───── Records for this task ─────

(* No matching algorithm for school choice with feature-based uncertain preferences satisfies incentive compatibility with adventurism (IC-A) unless it always outputs the same result.
   Context: An instance consists of: a set $N$ of students; a set $M$ of $m$ colleges, each college $c$ with positive integer capacity $x_c$ and strict preference $\succ_c$ over $N$; a finite set $F$ of features; for each student $s$ and feature $f$ a utility function $u_s^f:M\to[0,1]$; for each student $s$ a probability distribution $\mu_s$ over weight vectors $w_s=(w_s^f)_{f\in F}$ with $w_s^f\ge0$, $\sum_f w_s^f=1$, independent across students. For realized $w_s$, $c\succ_s^{w_s}c'$ iff $\sum_f w_s^fu_s^f(c)>\sum_f w_s^fu_s^f(c')$; being unmatched ($\mathsf{null}$) is ranked below any college. A matching algorithm maps each instance to a matching (each student gets at most one college, each college $c$ at most $x_c$ students). Each student $s$ privately knows $(u_s,\mu_s)=(\{u_s^f\}_{f\in F},\mu_s)$ and may report any $(u_s',\mu_s')$. Let $\pi(s)$ be the college assigned to $s$ when she reports truthfully and $\pi'(s)$ the one assigned under a misreport (everything else fixed). The algorithm is IC-A if for every instance, student $s$, and misreport, $\Pr[\pi'(s)\succ_s^{w_s}\pi(s)]>0$ never occurs, where the probability is over $s$'s true weights $w_s\sim\mu_s$ and uses her true utilities. *)

theory Defs
  imports "HOL-Probability.Probability"
begin

text \<open>Student s's report consists of utilities (util I s f c = u_s^f(c)) and a
  probability distribution (wdist I s) over weight vectors w : 'f => real,
  living on the product sigma-algebra of borel over F.\<close>

record ('s, 'c, 'f) sinst =
  students :: "'s set"
  colleges :: "'c set"
  cap :: "'c \<Rightarrow> nat"
  cpref :: "'c \<Rightarrow> 's rel"          \<comment> \<open>(a,b) \<in> cpref c  means  a \<succ>_c b\<close>
  util :: "'s \<Rightarrow> 'f \<Rightarrow> 'c \<Rightarrow> real"
  wdist :: "'s \<Rightarrow> ('f \<Rightarrow> real) measure"

definition weight_space :: "'f set \<Rightarrow> ('f \<Rightarrow> real) measure" where
  "weight_space F = (\<Pi>\<^sub>M f\<in>F. (borel :: real measure))"

definition is_weight :: "'f set \<Rightarrow> ('f \<Rightarrow> real) \<Rightarrow> bool" where
  "is_weight F w \<longleftrightarrow> (\<forall>f\<in>F. w f \<ge> 0) \<and> (\<Sum>f\<in>F. w f) = 1"

definition valid_wdist :: "'f set \<Rightarrow> ('f \<Rightarrow> real) measure \<Rightarrow> bool" where
  "valid_wdist F \<mu> \<longleftrightarrow> prob_space \<mu> \<and> sets \<mu> = sets (weight_space F)
     \<and> (AE w in \<mu>. is_weight F w)"

definition valid_report :: "'f set \<Rightarrow> 'c set \<Rightarrow> ('f \<Rightarrow> 'c \<Rightarrow> real)
     \<Rightarrow> ('f \<Rightarrow> real) measure \<Rightarrow> bool" where
  "valid_report F M u \<mu> \<longleftrightarrow> (\<forall>f\<in>F. \<forall>c\<in>M. 0 \<le> u f c \<and> u f c \<le> 1) \<and> valid_wdist F \<mu>"

definition valid_instance :: "'f set \<Rightarrow> ('s, 'c, 'f) sinst \<Rightarrow> bool" where
  "valid_instance F I \<longleftrightarrow>
     finite (students I) \<and> finite (colleges I) \<and>
     (\<forall>c\<in>colleges I. cap I c > 0) \<and>
     (\<forall>c\<in>colleges I. cpref I c \<subseteq> students I \<times> students I
                       \<and> strict_linear_order_on (students I) (cpref I c)) \<and>
     (\<forall>s\<in>students I. valid_report F (colleges I) (util I s) (wdist I s))"

type_synonym ('s, 'c) matching = "'s \<Rightarrow> 'c option"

─────

Which lines above include the word "feature"? Return each one.

* **Response area**
(* No matching algorithm for school choice with feature-based uncertain preferences satisfies incentive compatibility with adventurism (IC-A) unless it always outputs the same result.
   Context: An instance consists of: a set $N$ of students; a set $M$ of $m$ colleges, each college $c$ with positive integer capacity $x_c$ and strict preference $\succ_c$ over $N$; a finite set $F$ of features; for each student $s$ and feature $f$ a utility function $u_s^f:M\to[0,1]$; for each student $s$ a probability distribution $\mu_s$ over weight vectors $w_s=(w_s^f)_{f\in F}$ with $w_s^f\ge0$, $\sum_f w_s^f=1$, independent across students. For realized $w_s$, $c\succ_s^{w_s}c'$ iff $\sum_f w_s^fu_s^f(c)>\sum_f w_s^fu_s^f(c')$; being unmatched ($\mathsf{null}$) is ranked below any college. A matching algorithm maps each instance to a matching (each student gets at most one college, each college $c$ at most $x_c$ students). Each student $s$ privately knows $(u_s,\mu_s)=(\{u_s^f\}_{f\in F},\mu_s)$ and may report any $(u_s',\mu_s')$. Let $\pi(s)$ be the college assigned to $s$ when she reports truthfully and $\pi'(s)$ the one assigned under a misreport (everything else fixed). The algorithm is IC-A if for every instance, student $s$, and misreport, $\Pr[\pi'(s)\succ_s^{w_s}\pi(s)]>0$ never occurs, where the probability is over $s$'s true weights $w_s\sim\mu_s$ and uses her true utilities. *)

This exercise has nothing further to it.